In Case You Missed It
Or as I'm calling the combined team, "Huck Norris."
Anyway. If Huckabee wins, you know he's going to appoint Chuck to secretary of something. My guess is Secretary of Defense (which he'll promptly rename, "Secretary of Whoop A$$").
Somewhere in a cave in Pakistan, bin Laden is afraid.
You should be, Osama.
You should be.
9 comments:
Didn't he say - "A true soldier fights not because he hates those who are in front of him, but because he loves those who are behind him."

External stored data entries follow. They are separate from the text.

lemma comaximal_pow_left:
  assumes x: "x \<in> carrier R" and y: "y \<in> carrier R"
    and pq: "p \<in> carrier R" "q \<in> carrier R" "x \<otimes> p \<oplus> y \<otimes> q = \<one>"
  shows "\<exists>p'\<in>carrier R. \<exists>q'\<in>carrier R. x [^] (n::nat) \<otimes> p' \<oplus> y \<otimes> q' = \<one>"
proof (induction n)
  case 0
  have "x [^] (0::nat) \<otimes> \<one> \<oplus> y \<otimes> \<zero> = \<one>" using y by simp
  then show ?case by blast
next
  case (Suc n)
  then obtain p' q' where pq': "p' \<in> carrier R" "q' \<in> carrier R" "x [^] n \<otimes> p' \<oplus> y \<otimes> q' = \<one>"
    by blast
  define X W where "X = x [^] n" and "W = X \<otimes> p' \<otimes> q \<oplus> q' \<otimes> (x \<otimes> p \<oplus> y \<otimes> q)"
  have X: "X \<in> carrier R" unfolding X_def using x by simp
  \<comment> \<open>multiply the relation for \<open>x [^] n\<close> by the one for \<open>x\<close>\<close>
  have "(X \<otimes> x) \<otimes> (p' \<otimes> p) \<oplus> y \<otimes> W = (X \<otimes> p' \<oplus> y \<otimes> q') \<otimes> (x \<otimes> p \<oplus> y \<otimes> q)"
    unfolding W_def using X x y pq(1,2) pq'(1,2) by algebra
  also have "\<dots> = \<one>" using pq(3) pq'(3) unfolding X_def by simp
  finally have "x [^] Suc n \<otimes> (p' \<otimes> p) \<oplus> y \<otimes> W = \<one>" unfolding X_def by (simp only: nat_pow_Suc)
  moreover have "p' \<otimes> p \<in> carrier R" "W \<in> carrier R"
    unfolding W_def using X x y pq(1,2) pq'(1,2) by simp_all
  ultimately show ?case by blast
qed

lemma comaximal_pow:
  assumes x: "x \<in> carrier R" and y: "y \<in> carrier R" and "x \<oplus> y = \<one>"
  shows "\<exists>p\<in>carrier R. \<exists>q\<in>carrier R. x [^] (n::nat) \<otimes> p \<oplus> y [^] n \<otimes> q = \<one>"
proof -
  have "x \<otimes> \<one> \<oplus> y \<otimes> \<one> = \<one>" using assms by simp
  from comaximal_pow_left[OF x y one_closed one_closed this, of n]
  obtain p q where pq: "p \<in> carrier R" "q \<in> carrier R" "x [^] n \<otimes> p \<oplus> y \<otimes> q = \<one>"
    by blast
  then have "y \<otimes> q \<oplus> x [^] n \<otimes> p = \<one>"
    using a_comm[of "y \<otimes> q" "x [^] n \<otimes> p"] x y by simp
  from comaximal_pow_left[OF y nat_pow_closed[OF x] pq(2,1) this, of n]
  obtain q' p' where pq': "q' \<in> carrier R" "p' \<in> carrier R" "y [^] n \<otimes> q' \<oplus> x [^] n \<otimes> p' = \<one>"
    by blast
  then have "x [^] n \<otimes> p' \<oplus> y [^] n \<otimes> q' = \<one>"
    using a_comm[of "x [^] n \<otimes> p'" "y [^] n \<otimes> q'"] x y by simp
  with pq'(1,2) show ?thesis by blast
qed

Now I come to look at it, Chuck (directly behind him) does seem to be gazing at him adoringly.
I'm scared enough for all of us.
Shoot, I'm waiting for Gov. Conan the Barbarian to weigh in w/ HIS republican endorsement!
I like Mike.
With Chuck on his side, we should all be afraid...
~BPP
Question:
If Chuck Norris was Rocky Balboa's opponent in Rocky IV, who would've won?
Oh yeah. And..
How much wood would a wood chuck chuck if a wood chuck were Chuck Norris?
All of it.
a few years ago i NEVER missed the Saturday evening episode of TEXAS RANGERS. giggle.
I'm hoping he is asked to run the Federal Drug Administration. Because we ALL know that Chuck Norris' tears can cure cancer.
Too bad he never cries.
Glencross - Yeah, kind of creepy... huh?
Tara - I think it's hilarious. I mean, I'm sure Chuck's a great guy and, honestly, seeing him behind Huckabee might actually help generate "support" from people who want to goof on the whole situation. Odd as that may seem.
M@ - A friend of mine said this means Romney needs to seek the support of Jackie Chan if he's to stay in the running.
BPP - And we are!
Woodrow Part I - You need to ask? :)
Pamela - Oh, man, my mom loved that show! And Chuck Norris.
=) - That's one of my favorite "facts." Thanks!